Your answer should hold all lines of the entries that include the word "rule".

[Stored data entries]
== Segment start ==
lemma near_exterior_lattice_subset_side_points:
  fixes k D :: int
  assumes k: "k \<ge> 1" and D: "D = 3 * k^2 + 3 * k + 1"
  shows "near_exterior_lattice k D \<subseteq> side_points k D"
proof (clarify)
  fix A B
  assume "(A, B) \<in> near_exterior_lattice k D"
  then have dvd: "D dvd A + (3 * k + 1) * B" and out: "\<not> (0 \<le> B \<and> B \<le> A \<and> A \<le> D)"
    and near: "- k \<le> B" "B \<le> D + k" "- k \<le> A - B" "A - B \<le> D + k" "- k \<le> A" "A \<le> D + k"
    by (auto simp: near_exterior_lattice_def)
  consider "B < 0" | "0 \<le> B" "D < A" | "0 \<le> B" "A \<le> D" "A < B" using out by linarith
  then show "(A, B) \<in> side_points k D"
  proof cases
    case 1
    define j where "j = - B"
    have j: "j \<in> {1..k}" using 1 near by (simp add: j_def)
    have "D dvd A - (3 * k + 1) * j" using dvd by (simp add: j_def)
    moreover have "\<bar>A - (3 * k + 1) * j\<bar> < D"
      using multiple_bounds[OF j] near D k j_def unfolding abs_less_iff by linarith
    ultimately have "A = (3 * k + 1) * j" by (rule eq_if_dvd_diff_abs_less)
    then have "(A, B) = ((3 * k + 1) * j, - j)" by (simp add: j_def)
    then show ?thesis using j unfolding side_points_def by blast
  next
    case 2
    define j where "j = A - D"
    have j: "j \<in> {1..k}" using 2 near by (simp add: j_def)
    have "B - (3 * k + 2) * j = D * (3 * B + 3 * k + 2) - (3 * k + 2) * (A + (3 * k + 1) * B)"
      by (simp add: j_def D algebra_simps power2_eq_square)
    then have "D dvd B - (3 * k + 2) * j" using dvd by simp
    moreover have "\<bar>B - (3 * k + 2) * j\<bar> < D"
      using multiple_bounds[OF j] near D k 2 unfolding abs_less_iff by linarith
    ultimately have "B = (3 * k + 2) * j" by (rule eq_if_dvd_diff_abs_less)
    then have "(A, B) = (D + j, (3 * k + 2) * j)" by (simp add: j_def)
    then show ?thesis using j unfolding side_points_def by blast
  next
    case 3
    define j where "j = B - A"
    have j: "j \<in> {1..k}" using 3 near by (simp add: j_def)
    have "(D - (3 * k + 2) * j) - A = D * (1 - 3 * B) + (3 * k + 1) * (A + (3 * k + 1) * B)"
      by (simp add: j_def D algebra_simps power2_eq_square)
    then have "D dvd (D - (3 * k + 2) * j) - A" using dvd by simp
    moreover have "\<bar>(D - (3 * k + 2) * j) - A\<bar> < D"
      using multiple_bounds[OF j] near D k 3 unfolding abs_less_iff by linarith
    ultimately have "A = D - (3 * k + 2) * j" by (rule eq_if_dvd_diff_abs_less[symmetric])
    then have "(A, B) = (D - (3 * k + 2) * j, D - (3 * k + 1) * j)" by (simp add: j_def algebra_simps)
    then show ?thesis using j unfolding side_points_def by blast
  qed
qed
== Segment end ==
__Answer below__:
    ultimately have "A = (3 * k + 1) * j" by (rule eq_if_dvd_diff_abs_less)
    ultimately have "B = (3 * k + 2) * j" by (rule eq_if_dvd_diff_abs_less)
    ultimately have "A = D - (3 * k + 2) * j" by (rule eq_if_dvd_diff_abs_less[symmetric])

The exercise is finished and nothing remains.